- **Assigned task**: Go through the records line by line from the top and repeat each one exactly, ending with the line that contains "define c where".

· · · · · · ·

lemma core_vol_ge:
  assumes hg: "hypergraph VH EH Ve" and cd: "codegree_le VH EH Ve t"
    and C: "C \<subseteq> EH" and e: "e \<in> C" and smin: "\<forall>g\<in>C. s \<le> card (Ve g)"
    and se: "card (Ve e) = s" and s2: "2 \<le> s"
    and l0: "real s < lam0" and l1: "real s < lam1" and p: "0 \<le> p"
    and core: "\<forall>c\<in>C. real t * p * real (card VH) < real (card (nbhd EH Ve c \<inter> C))"
    and y: "y * ((1 / (real s - 1) - 1 / (lam0 - 1)) * real s * (lam0 - 1)) \<le> p - real s / (lam0 - 1)"
    and z: "0 \<le> z" "(z + 1) * (1 / (real s - 1) - 1 / (lam1 - 1)) \<le> p - lam0 / (lam1 - 1)"
  shows "real t * (real (card VH) - 1) / real (card VH) * y * z
    \<le> vol VH Ve {g\<in>C. real (card (Ve g)) \<le> lam1}"
proof (cases "t = 0")
  case True
  then show ?thesis using vol_nonneg by simp
next
  case False
  define n M where "n = real (card VH)" and "M = real t * (real (card VH) - 1)"
  obtain v0 where v0: "v0 \<in> Ve e"
    and My: "M * y \<le> real (card {g\<in>C. v0 \<in> Ve g \<and> real (card (Ve g)) \<le> lam0})"
    using core_edge_heavy_vertex[OF hg cd C e smin se s2 l0 p _ y] core e unfolding M_def by blast
  define G where "G = {g\<in>C. v0 \<in> Ve g \<and> real (card (Ve g)) \<le> lam0}"
  have eV: "Ve e \<subseteq> VH" "finite VH"
    using hypergraph_edgeD(1)[OF hg] e C hg unfolding hypergraph_def by auto
  then have "s \<le> card VH" using se card_mono by metis
  then have n2: "2 \<le> card VH" using s2 by linarith
  have mass: "M * z \<le> (\<Sum>u\<in>Ve g - {v0}. light_load C Ve lam1 u)" if "g \<in> G" for g
    using core_edge_light_mass[OF hg cd C _ smin s2 l1 p _ _ _ z(2), of g v0] that core
    unfolding G_def M_def by auto
  define c where "c = real t * (n * (n - 1))"
  have "real (card G) * (M * z) \<le> vol VH Ve {g\<in>C. real (card (Ve g)) \<le> lam1} * c"
    unfolding c_def n_def using v0 eV n2 mass
    by (intro light_mass_vol_bound[OF hg cd C]) (auto simp: G_def)
  moreover have "(M * y) * (M * z) \<le> real (card G) * (M * z)"
    using My z(1) n2 unfolding G_def M_def by (intro mult_right_mono) auto
  moreover have "(M * y) * (M * z) = real t * (n - 1) / n * y * z * c"
    unfolding M_def n_def c_def using n2 by (simp add: field_simps)
  ultimately have "real t * (n - 1) / n * y * z * c \<le> vol VH Ve {g\<in>C. real (card (Ve g)) \<le> lam1} * c"
    by linarith
  moreover have "0 < c" using False n2 unfolding c_def n_def by simp
  ultimately show ?thesis unfolding n_def by (rule mult_right_le_imp_le)
qed

section \<open>Parameter estimates\<close>

lemma harmonic_gap_eq:
  fixes S d :: real
  assumes "1 < S" and "0 < d"
  shows "1 / (S - 1) - 1 / ((1 + d) * S - 1) = S * d / ((S - 1) * ((1 + d) * S - 1))"
proof -
  have "0 < d * S" using assms by simp
  then have ne: "S - 1 \<noteq> 0" "(1 + d) * S - 1 \<noteq> 0" using assms(1) by (auto simp: distrib_right)
  have "1 / (S - 1) - 1 / ((1 + d) * S - 1) = (((1 + d) * S - 1) - (S - 1)) / ((S - 1) * ((1 + d) * S - 1))"
    using ne by (simp add: field_simps)
  also have "((1 + d) * S - 1) - (S - 1) = S * d" by (simp add: algebra_simps)
  finally show ?thesis .
qed

lemma heavy_vertex_weight_le:
  fixes S d q \<tau> :: real
  assumes S: "1 < S" and d: "0 < d"
    and q: "0 \<le> q" "q \<le> (1 - \<tau>) - \<tau> / d - (1 - \<tau>) / (S * d)"
  shows "q * (S - 1) / ((1 + d) * S * S) * ((1 / (S - 1) - 1 / ((1 + d) * S - 1)) * S * ((1 + d) * S - 1))
    \<le> (1 - \<tau>) - S / ((1 + d) * S - 1)"
proof -
  define l where "l = (1 + d) * S"
  have "0 < d * S" using S d by simp
  then have l: "0 < l - 1" unfolding l_def using S by (simp add: distrib_right)
  have cancel: "x / (a * b) * S * b = x * S / a" "q * a / (D * S) * (x * S / a) = q * x / D"
    if "a \<noteq> 0" "b \<noteq> 0" "D \<noteq> 0" for x a b D
    using that S by (simp_all add: field_simps)
  have "q * (S - 1) / (l * S) * ((1 / (S - 1) - 1 / (l - 1)) * S * (l - 1)) = S * d * q / l"
    unfolding harmonic_gap_eq[OF S d, folded l_def] using S l
    by (simp add: cancel(1) cancel(2)[of "S - 1" "l - 1" l] mult.commute)
  also have "\<dots> \<le> S * d * q / (l - 1)"
    using S d q(1) l by (intro divide_left_mono mult_nonneg_nonneg mult_pos_pos) auto
  also have "\<dots> \<le> S * d * ((1 - \<tau>) - \<tau> / d - (1 - \<tau>) / (S * d)) / (l - 1)"
    using S d q(2) l by (intro divide_right_mono mult_left_mono) auto
  also have "S * d * ((1 - \<tau>) - \<tau> / d - (1 - \<tau>) / (S * d)) = (1 - \<tau>) * (l - 1) - S"
    using S d unfolding l_def by (simp add: field_simps)
  also have "((1 - \<tau>) * (l - 1) - S) / (l - 1) = (1 - \<tau>) - S / (l - 1)"
    using l by (simp add: diff_divide_distrib)
  finally show ?thesis unfolding l_def .
qed

lemma light_mass_weight_le:
  fixes S d0 d1 q \<tau> :: real
  assumes S: "1 < S" and d1: "0 < d1"
    and q: "q \<le> (1 - \<tau>) - \<tau> / d1 - d0 / d1 - (1 - \<tau>) / (S * d1)"
  shows "q * (S - 1) * (1 / (S - 1) - 1 / ((1 + d1) * S - 1))
    \<le> (1 - \<tau>) - (1 + d0) * S / ((1 + d1) * S - 1)"
proof -
  define l where "l = (1 + d1) * S"
  have "0 < d1 * S" using S d1 by simp
  then have l: "0 < l - 1" unfolding l_def using S by (simp add: distrib_right)
  have "q * (S - 1) * (1 / (S - 1) - 1 / (l - 1)) = S * d1 * q / (l - 1)"
    unfolding harmonic_gap_eq[OF S d1, folded l_def] using S by simp
  also have "\<dots> \<le> S * d1 * ((1 - \<tau>) - \<tau> / d1 - d0 / d1 - (1 - \<tau>) / (S * d1)) / (l - 1)"
    using S d1 q l by (intro divide_right_mono mult_left_mono) auto
  also have "S * d1 * ((1 - \<tau>) - \<tau> / d1 - d0 / d1 - (1 - \<tau>) / (S * d1))
      = (1 - \<tau>) * (l - 1) - (1 + d0) * S"
    using S d1 unfolding l_def by (simp add: field_simps)
  also have "((1 - \<tau>) * (l - 1) - (1 + d0) * S) / (l - 1) = (1 - \<tau>) - (1 + d0) * S / (l - 1)"
    using l by (simp add: diff_divide_distrib)
  finally show ?thesis unfolding l_def .
qed

lemma window_density_estimate:
  fixes p u h d0 d1 :: real
  assumes u: "0 < u" "7 * u < p" and p: "p \<le> 1" and h: "0 \<le> h" "h \<le> u\<^sup>2 / 100"
    and d: "0 \<le> d0" "d0 \<le> d1"
  shows "(p - 7 * u)\<^sup>2 / (1 + d1)
    \<le> (1 - h) * ((p - 101/100 * u) * (1 - h) * ((p - 68/100 * u) * (1 - h) - h)) / (1 + d0)"
proof -
  define X where "X = (p - 101/100 * u) * (p - 7/10 * u)"
  have u1: "u \<le> 1" using u p by simp
  then have "u\<^sup>2 \<le> u" using u by (simp add: power2_eq_square mult_left_le_one_le)
  then have hu: "h \<le> u / 100" using h by simp
  have pos: "0 \<le> p - 7/10 * u" "0 \<le> p - 101/100 * u" "0 \<le> 1 - h" using u hu u1 by auto
  have "(p - 68/100 * u) * h \<le> 1 * h" using u p h by (intro mult_right_mono) auto
  moreover have "(p - 68/100 * u) * (1 - h) - h = p - 68/100 * u - (p - 68/100 * u) * h - h"
    by (simp add: right_diff_distrib)
  ultimately have second_factor: "p - 7/10 * u \<le> (p - 68/100 * u) * (1 - h) - h"
    using hu by linarith
  have "X \<le> 1 * 1"
    unfolding X_def using u p by (intro mult_mono) auto
  then have "X * (2 * h) \<le> 1 * (u\<^sup>2 / 50)"
    using h pos unfolding X_def by (intro mult_mono) auto
  moreover have "0 \<le> u * (1229/100 * p - 48313/1000 * u)"
    using u by (intro mult_nonneg_nonneg) auto
  moreover have "X - ((p - 7 * u)\<^sup>2 + u\<^sup>2 / 50) = u * (1229/100 * p - 48313/1000 * u)"
    unfolding X_def by (simp add: field_simps power2_eq_square)
  moreover have "X * (1 - 2 * h) \<le> (1 - h) * ((p - 101/100 * u) * (1 - h) * (p - 7/10 * u))"
  proof -
    have "X * (1 - 2 * h) \<le> X * ((1 - h) * (1 - h))"
      using pos unfolding X_def by (intro mult_left_mono mult_nonneg_nonneg) (auto simp: algebra_simps)
    then show ?thesis unfolding X_def by (simp add: ac_simps)
  qed
  moreover have "(1 - h) * ((p - 101/100 * u) * (1 - h) * (p - 7/10 * u))
      \<le> (1 - h) * ((p - 101/100 * u) * (1 - h) * ((p - 68/100 * u) * (1 - h) - h))"
    using pos by (intro mult_left_mono[OF mult_left_mono[OF second_factor]] mult_nonneg_nonneg)
  ultimately have "(p - 7 * u)\<^sup>2
      \<le> (1 - h) * ((p - 101/100 * u) * (1 - h) * ((p - 68/100 * u) * (1 - h) - h))"
    by (simp add: algebra_simps)
  then have "(p - 7 * u)\<^sup>2 / (1 + d0)
      \<le> (1 - h) * ((p - 101/100 * u) * (1 - h) * ((p - 68/100 * u) * (1 - h) - h)) / (1 + d0)"
    using d by (intro divide_right_mono) auto
  moreover have "(p - 7 * u)\<^sup>2 / (1 + d1) \<le> (p - 7 * u)\<^sup>2 / (1 + d0)"
    using d by (intro divide_left_mono) auto
  ultimately show ?thesis by linarith
qed

lemma size_bound_inverse:
  fixes a K S :: real
  assumes a: "0 < a" "a < 1" and K: "1 \<le> K" and S: "100 * K\<^sup>2 / a ^ 4 \<le> S"
  shows "0 < S" and "1 / S \<le> a ^ 4 / (100 * K\<^sup>2)" and "(1 - a ^ 4) / S \<le> a ^ 4 / (100 * K\<^sup>2)"
proof -
  have K0: "0 < K" using K by simp
  show S0: "0 < S" using S a K0 order.strict_trans2[of 0 "100 * K\<^sup>2 / a ^ 4" S] by simp
  show hS: "1 / S \<le> a ^ 4 / (100 * K\<^sup>2)" using S S0 a K0 by (simp add: field_simps)
  have "(1 - a ^ 4) / S \<le> 1 / S"
    using a S0 by (intro divide_right_mono) auto
  then show "(1 - a ^ 4) / S \<le> a ^ 4 / (100 * K\<^sup>2)" using hS by linarith
qed

lemma small_parameters_d0:
  fixes a K S :: real
  assumes a: "0 < a" "a < 1" and K: "1 \<le> K" and S: "100 * K\<^sup>2 / a ^ 4 \<le> S"
  shows "1 / S \<le> (a / K)\<^sup>2 / 100" and "(1 - a ^ 4) / (S * (a ^ 3 * K)) \<le> a / K / 100"
    and "100 \<le> a / K * S" and "100 \<le> S"
proof -
  have K0: "0 < K" using K by simp
  note inv = size_bound_inverse[OF a K S]
  have "a ^ 4 / (100 * K\<^sup>2) \<le> a\<^sup>2 / (100 * K\<^sup>2)"
    using a K0 power_decreasing[of 2 4 a] by (simp add: divide_right_mono)
  then show small: "1 / S \<le> (a / K)\<^sup>2 / 100"
    using inv(2) by (simp add: power_divide mult.commute)
  have "(1 - a ^ 4) / (S * (a ^ 3 * K)) = (1 - a ^ 4) / S / (a ^ 3 * K)" by simp
  also have "\<dots> \<le> a ^ 4 / (100 * K\<^sup>2) / (a ^ 3 * K)"
    using inv(3) a K0 by (intro divide_right_mono) auto
  also have "\<dots> = a / (100 * K ^ 3)" using a K0 by (simp add: field_simps power_numeral_reduce)
  also have "\<dots> \<le> a / (100 * K)"
    using a K0 K power_increasing[of 1 3 K] by (simp add: frac_le)
  finally show "(1 - a ^ 4) / (S * (a ^ 3 * K)) \<le> a / K / 100" by simp
  have u: "a / K \<le> 1" "0 \<le> a / K" using a K by simp_all
  then have "(a / K)\<^sup>2 / 100 \<le> a / K / 100"
    unfolding power2_eq_square by (intro divide_right_mono mult_left_le_one_le) auto
  with small have "1 / S \<le> a / K / 100" by linarith
  then show uS: "100 \<le> a / K * S" using inv(1) by (simp add: field_simps)
  have "a / K * S \<le> 1 * S" using u inv(1) by (intro mult_right_mono) auto
  with uS show "100 \<le> S" by simp
qed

· · · · · · ·

- **Result**:
lemma core_vol_ge:
  assumes hg: "hypergraph VH EH Ve" and cd: "codegree_le VH EH Ve t"
    and C: "C \<subseteq> EH" and e: "e \<in> C" and smin: "\<forall>g\<in>C. s \<le> card (Ve g)"
    and se: "card (Ve e) = s" and s2: "2 \<le> s"
    and l0: "real s < lam0" and l1: "real s < lam1" and p: "0 \<le> p"
    and core: "\<forall>c\<in>C. real t * p * real (card VH) < real (card (nbhd EH Ve c \<inter> C))"
    and y: "y * ((1 / (real s - 1) - 1 / (lam0 - 1)) * real s * (lam0 - 1)) \<le> p - real s / (lam0 - 1)"
    and z: "0 \<le> z" "(z + 1) * (1 / (real s - 1) - 1 / (lam1 - 1)) \<le> p - lam0 / (lam1 - 1)"
  shows "real t * (real (card VH) - 1) / real (card VH) * y * z
    \<le> vol VH Ve {g\<in>C. real (card (Ve g)) \<le> lam1}"
proof (cases "t = 0")
  case True
  then show ?thesis using vol_nonneg by simp
next
  case False
  define n M where "n = real (card VH)" and "M = real t * (real (card VH) - 1)"
  obtain v0 where v0: "v0 \<in> Ve e"
    and My: "M * y \<le> real (card {g\<in>C. v0 \<in> Ve g \<and> real (card (Ve g)) \<le> lam0})"
    using core_edge_heavy_vertex[OF hg cd C e smin se s2 l0 p _ y] core e unfolding M_def by blast
  define G where "G = {g\<in>C. v0 \<in> Ve g \<and> real (card (Ve g)) \<le> lam0}"
  have eV: "Ve e \<subseteq> VH" "finite VH"
    using hypergraph_edgeD(1)[OF hg] e C hg unfolding hypergraph_def by auto
  then have "s \<le> card VH" using se card_mono by metis
  then have n2: "2 \<le> card VH" using s2 by linarith
  have mass: "M * z \<le> (\<Sum>u\<in>Ve g - {v0}. light_load C Ve lam1 u)" if "g \<in> G" for g
    using core_edge_light_mass[OF hg cd C _ smin s2 l1 p _ _ _ z(2), of g v0] that core
    unfolding G_def M_def by auto
  define c where "c = real t * (n * (n - 1))"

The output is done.